● EXERCISE DETAILS: Although the data below holds other lines too, output only those from the line with "unfolding HL_weight_geometric_mean ." up to and including the line with "p n = B powr", exactly as they appear.
[SUPPLIED ENTRIES Boundary: Start]
lemma holomorphic_if_HL_terms_bounded:
  assumes weight: "radial_weight \<omega>" and "1 \<le> q"
    and bound: "\<And>n. norm (b n) powr q * HL_weight \<omega> q n \<le> B"
  shows "(\<lambda>z. \<Sum>n. b n * z ^ n) holomorphic_on ball 0 1"
    and "tcoeff (\<lambda>z. \<Sum>n. b n * z ^ n) n = b n"
proof -
  have "summable (\<lambda>n. norm (b n) * \<rho> ^ n)" if \<rho>: "0 \<le> \<rho>" "\<rho> < 1" for \<rho>
  proof -
    define s where "s = (1 + \<rho>) / 2"
    have s: "0 < s" "s < 1" "\<rho> < s"
      unfolding s_def using \<rho> by auto
    define c where "c = B / (s powr (1/q) * omega_hat \<omega> (s powr (1/q)))"
    have "norm (b n) * \<rho> ^ n \<le> (1 + c * (real n + 1) / s ^ n) * \<rho> ^ n" for n
      using norm_le_of_HL_term_le[OF weight \<open>1 \<le> q\<close> s(1,2) bound] \<rho> unfolding c_def
      by (intro mult_right_mono) auto
    also have "(1 + c * (real n + 1) / s ^ n) * \<rho> ^ n = \<rho> ^ n + c * ((real n + 1) * (\<rho> / s) ^ n)" for n
      using s by (simp add: field_simps power_divide)
    finally have coeff: "norm (b n) * \<rho> ^ n \<le> \<rho> ^ n + c * ((real n + 1) * (\<rho> / s) ^ n)" for n .
    have "summable (\<lambda>n. \<rho> ^ n + c * ((real n + 1) * (\<rho> / s) ^ n))"
      using \<rho> s by (intro summable_add summable_geometric summable_mult summable_Suc_times_geometric) auto
    then show ?thesis
      by (rule summable_comparison_test'[where N=0]) (use coeff \<rho> in simp)
  qed
  then show "(\<lambda>z. \<Sum>n. b n * z ^ n) holomorphic_on ball 0 1"
    and "tcoeff (\<lambda>z. \<Sum>n. b n * z ^ n) n = b n"
    using power_series_holomorphic_on_ball by blast+
qed

definition poly_trunc :: "(nat \<Rightarrow> complex) \<Rightarrow> nat \<Rightarrow> complex \<Rightarrow> complex" where
  "poly_trunc a N z = (\<Sum>n<N. a n * z ^ n)"

lemma poly_trunc_sums: "(\<lambda>n. (if n < N then a n else 0) * z ^ n) sums poly_trunc a N z"
proof -
  have "(\<lambda>n. (if n < N then a n else 0) * z ^ n) sums (\<Sum>n<N. (if n < N then a n else 0) * z ^ n)"
    by (rule sums_finite) auto
  then show ?thesis
    unfolding poly_trunc_def by simp
qed

lemma poly_trunc_holomorphic: "poly_trunc a N holomorphic_on A"
  unfolding poly_trunc_def by (intro holomorphic_intros)

lemma tcoeff_poly_trunc: "tcoeff (poly_trunc a N) n = (if n < N then a n else 0)"
  by (rule tcoeff_eqI[OF poly_trunc_sums])

lemma poly_trunc_monomial: "(\<lambda>z. c * z ^ N) = poly_trunc (\<lambda>n. if n = N then c else 0) (Suc N)"
  by (auto simp: poly_trunc_def)

lemma HL_sum_poly_trunc:
  "HL_sum \<omega> q (poly_trunc a N) n = (if n < N then norm (a n) powr q * HL_weight \<omega> q n else 0)"
  unfolding HL_sum_eq tcoeff_poly_trunc by simp

lemma in_HL_poly_trunc: "in_HL \<omega> q (poly_trunc a N)"
  unfolding in_HL_def HL_sum_poly_trunc
  by (auto intro: poly_trunc_holomorphic summable_If_finite_set[of "{..<N}", simplified])

lemma HL_norm_poly_trunc:
  "HL_norm \<omega> q (poly_trunc a N) = (\<Sum>n<N. norm (a n) powr q * HL_weight \<omega> q n) powr (1/q)"
  unfolding HL_norm_def HL_sum_poly_trunc
  using sums_unique[OF sums_If_finite_set[of "{..<N}" "\<lambda>n. norm (a n) powr q * HL_weight \<omega> q n"]]
  by (simp add: lessThan_iff)

lemma HL_tail:
  assumes weight: "radial_weight \<omega>" and "0 < q" and f: "in_HL \<omega> q f"
  defines "tail N \<equiv> \<lambda>z. f z - poly_trunc (tcoeff f) N z"
  shows "in_HL \<omega> q (tail N)" and "(\<lambda>N. HL_norm \<omega> q (tail N)) \<longlonglongrightarrow> 0"
proof -
  have holo: "f holomorphic_on ball 0 1" and sf: "summable (HL_sum \<omega> q f)"
    using f unfolding in_HL_def by auto
  have "tcoeff (tail N) n = (if n < N then 0 else tcoeff f n)" for N n
  proof -
    have "tcoeff (tail N) n = tcoeff f n - (if n < N then tcoeff f n else 0)"
    proof (rule tcoeff_eqI)
      fix z :: complex assume "z \<in> ball 0 1"
      from sums_diff[OF tcoeff_sums[OF holo this] poly_trunc_sums[of N "tcoeff f" z]]
      show "(\<lambda>n. (tcoeff f n - (if n < N then tcoeff f n else 0)) * z ^ n) sums tail N z"
        unfolding tail_def by (simp add: algebra_simps)
    qed
    then show ?thesis
      by simp
  qed
  then have "HL_sum \<omega> q (tail N) = (\<lambda>n. HL_sum \<omega> q f n - (if n \<in> {..<N} then HL_sum \<omega> q f n else 0))"
    for N
    unfolding HL_sum_eq by auto
  then have tail_sums: "HL_sum \<omega> q (tail N) sums (suminf (HL_sum \<omega> q f) - (\<Sum>n<N. HL_sum \<omega> q f n))" for N
    using sums_diff[OF summable_sums[OF sf] sums_If_finite_set[of "{..<N}" "HL_sum \<omega> q f"]] by simp
  show "in_HL \<omega> q (tail N)" for N
    unfolding in_HL_def
  proof
    show "tail N holomorphic_on ball 0 1"
      unfolding tail_def using holo poly_trunc_holomorphic by (intro holomorphic_intros)
    show "summable (HL_sum \<omega> q (tail N))"
      using tail_sums by (rule sums_summable)
  qed
  have lim: "(\<lambda>N. suminf (HL_sum \<omega> q f) - (\<Sum>n<N. HL_sum \<omega> q f n)) \<longlonglongrightarrow> 0"
    using tendsto_diff[OF tendsto_const summable_LIMSEQ[OF sf], of "suminf (HL_sum \<omega> q f)"] by simp
  have nonneg: "0 \<le> suminf (HL_sum \<omega> q f) - (\<Sum>n<N. HL_sum \<omega> q f n)" for N
    using sum_le_suminf[OF sf, of "{..<N}"] HL_sum_nonneg[OF weight] \<open>0 < q\<close> by simp
  show "(\<lambda>N. HL_norm \<omega> q (tail N)) \<longlonglongrightarrow> 0"
    unfolding HL_norm_def sums_unique[OF tail_sums, symmetric]
    by (rule tendsto_zero_powrI[OF lim tendsto_const always_eventually[OF allI[OF nonneg]]]) (use \<open>0 < q\<close> in simp)
qed

definition linear_on_HL :: "(real \<Rightarrow> real) \<Rightarrow> real \<Rightarrow> ((complex \<Rightarrow> complex) \<Rightarrow> complex) \<Rightarrow> bool" where
  "linear_on_HL \<omega> q L \<longleftrightarrow>
     (\<forall>u v. in_HL \<omega> q u \<and> in_HL \<omega> q v \<longrightarrow> L (\<lambda>z. u z + v z) = L u + L v) \<and>
     (\<forall>c u. in_HL \<omega> q u \<longrightarrow> L (\<lambda>z. c * u z) = c * L u)"

section \<open>Duality\<close>

text \<open>Only the comparability of the moments \<open>\<omega>\<^sub>n\<^sub>q\<^sub>+\<^sub>1\<close> (\<open>q = p, p'\<close>) with the pairing weights
  \<open>\<omega>\<^sub>2\<^sub>n\<^sub>+\<^sub>1\<close> is used below; for \<open>Dhat \<omega>\<close> it holds by \<open>Dhat_HL_duality\<close>.\<close>

locale HL_duality =
  fixes \<omega> :: "real \<Rightarrow> real" and p p' K :: real
  assumes weight: "radial_weight \<omega>"
    and p_gt_1: "1 < p" and conjugate: "p' = p / (p - 1)"
    and K_pos: "0 < K"
    and moment_le_pairing_weight:
      "\<And>n q. q \<in> {p, p'} \<Longrightarrow> moment \<omega> (real n * q + 1) \<le> K * moment \<omega> (2 * real n + 1)"
    and pairing_weight_le_moment:
      "\<And>n q. q \<in> {p, p'} \<Longrightarrow> moment \<omega> (2 * real n + 1) \<le> K * moment \<omega> (real n * q + 1)"
begin

abbreviation pairing_weight :: "nat \<Rightarrow> real" where
  "pairing_weight n \<equiv> moment \<omega> (2 * real n + 1)"

lemma p'_gt_1: "1 < p'"
  using p_gt_1 unfolding conjugate by (simp add: field_simps)

lemma conjugate_exponents: "1 / p + 1 / p' = 1"
  using p_gt_1 unfolding conjugate by (simp add: field_simps)

lemma pairing_weight_pos: "0 < pairing_weight n"
  using moment_pos[OF weight] by simp

lemma moment_pos_exponents: "q \<in> {p, p'} \<Longrightarrow> 0 < moment \<omega> (real n * q + 1)"
  using moment_pos[OF weight] p_gt_1 p'_gt_1 by (auto simp: add_nonneg_pos)

lemma HL_weight_pos_exponents: "q \<in> {p, p'} \<Longrightarrow> 0 < HL_weight \<omega> q n"
  using HL_weight_pos[OF weight] p_gt_1 p'_gt_1 by auto

lemma HL_weight_geometric_mean:
  "HL_weight \<omega> p n powr (1/p) * HL_weight \<omega> p' n powr (1/p')
     = moment \<omega> (real n * p + 1) powr (1/p) * moment \<omega> (real n * p' + 1) powr (1/p')"
proof -
  have "(p - 2) * (1/p) + (p' - 2) * (1/p') = 0"
    using conjugate_exponents p_gt_1 p'_gt_1 by (simp add: field_simps)
  then have "(real n + 1) powr ((p - 2) * (1/p)) * (real n + 1) powr ((p' - 2) * (1/p')) = 1"
    unfolding powr_add[symmetric] by simp
  then show ?thesis
    unfolding HL_weight_def using moment_pos_exponents[of p n] moment_pos_exponents[of p' n]
    by (simp add: powr_mult powr_powr)
qed

lemma pairing_weight_le_HL_weights:
  "pairing_weight n \<le> K * (HL_weight \<omega> p n powr (1/p) * HL_weight \<omega> p' n powr (1/p'))"
proof -
  have "pairing_weight n = pairing_weight n powr (1/p) * pairing_weight n powr (1/p')"
    using pairing_weight_pos[of n] conjugate_exponents by (simp add: powr_add[symmetric])
  also have "\<dots> \<le> (K * moment \<omega> (real n * p + 1)) powr (1/p) * (K * moment \<omega> (real n * p' + 1)) powr (1/p')"
    using pairing_weight_le_moment[of p n] pairing_weight_le_moment[of p' n] pairing_weight_pos[of n]
      p_gt_1 p'_gt_1
    by (intro mult_mono powr_mono2) auto
  also have "\<dots> = (K powr (1/p) * K powr (1/p'))
                   * (moment \<omega> (real n * p + 1) powr (1/p) * moment \<omega> (real n * p' + 1) powr (1/p'))"
    using K_pos moment_pos_exponents[of p n] moment_pos_exponents[of p' n] by (simp add: powr_mult)
  also have "K powr (1/p) * K powr (1/p') = K"
    using K_pos conjugate_exponents by (simp add: powr_add[symmetric])
  finally show ?thesis
    unfolding HL_weight_geometric_mean .
qed

lemma HL_weights_le_pairing_weight:
  "HL_weight \<omega> p' n powr (p - 1) * HL_weight \<omega> p n \<le> K powr p * pairing_weight n powr p"
proof -
  define A where "A = moment \<omega> (real n * p + 1)"
  define B where "B = moment \<omega> (real n * p' + 1)"
  have "0 < A" "0 < B"
    unfolding A_def B_def using moment_pos_exponents by auto
  have "(p' - 2) * (p - 1) + (p - 2) = 0"
    using p_gt_1 unfolding conjugate by (simp add: field_simps)
  then have "(real n + 1) powr ((p' - 2) * (p - 1)) * (real n + 1) powr (p - 2) = 1"
    unfolding powr_add[symmetric] by simp
  then have "HL_weight \<omega> p' n powr (p - 1) * HL_weight \<omega> p n = B powr (p - 1) * A"
    unfolding HL_weight_def A_def[symmetric] B_def[symmetric] using \<open>0 < A\<close> \<open>0 < B\<close>
    by (simp add: powr_mult powr_powr)
  also have "\<dots> \<le> (K * pairing_weight n) powr (p - 1) * (K * pairing_weight n)"
    using moment_le_pairing_weight[of p n] moment_le_pairing_weight[of p' n] \<open>0 < A\<close> \<open>0 < B\<close> p_gt_1
    unfolding A_def B_def by (intro mult_mono powr_mono2) auto
  also have "\<dots> = K powr p * pairing_weight n powr p"
    using K_pos pairing_weight_pos[of n] by (simp add: powr_diff powr_mult field_simps)
  finally show ?thesis .
qed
[SUPPLIED ENTRIES Boundary: End]
● OUTPUT FOR THIS TASK:
    unfolding HL_weight_geometric_mean .
qed

lemma HL_weights_le_pairing_weight:
  "HL_weight \<omega> p' n powr (p - 1) * HL_weight \<omega> p n \<le> K powr p * pairing_weight n powr p"
proof -
  define A where "A = moment \<omega> (real n * p + 1)"
  define B where "B = moment \<omega> (real n * p' + 1)"
  have "0 < A" "0 < B"
    unfolding A_def B_def using moment_pos_exponents by auto
  have "(p' - 2) * (p - 1) + (p - 2) = 0"
    using p_gt_1 unfolding conjugate by (simp add: field_simps)
  then have "(real n + 1) powr ((p' - 2) * (p - 1)) * (real n + 1) powr (p - 2) = 1"
    unfolding powr_add[symmetric] by simp
  then have "HL_weight \<omega> p' n powr (p - 1) * HL_weight \<omega> p n = B powr (p - 1) * A"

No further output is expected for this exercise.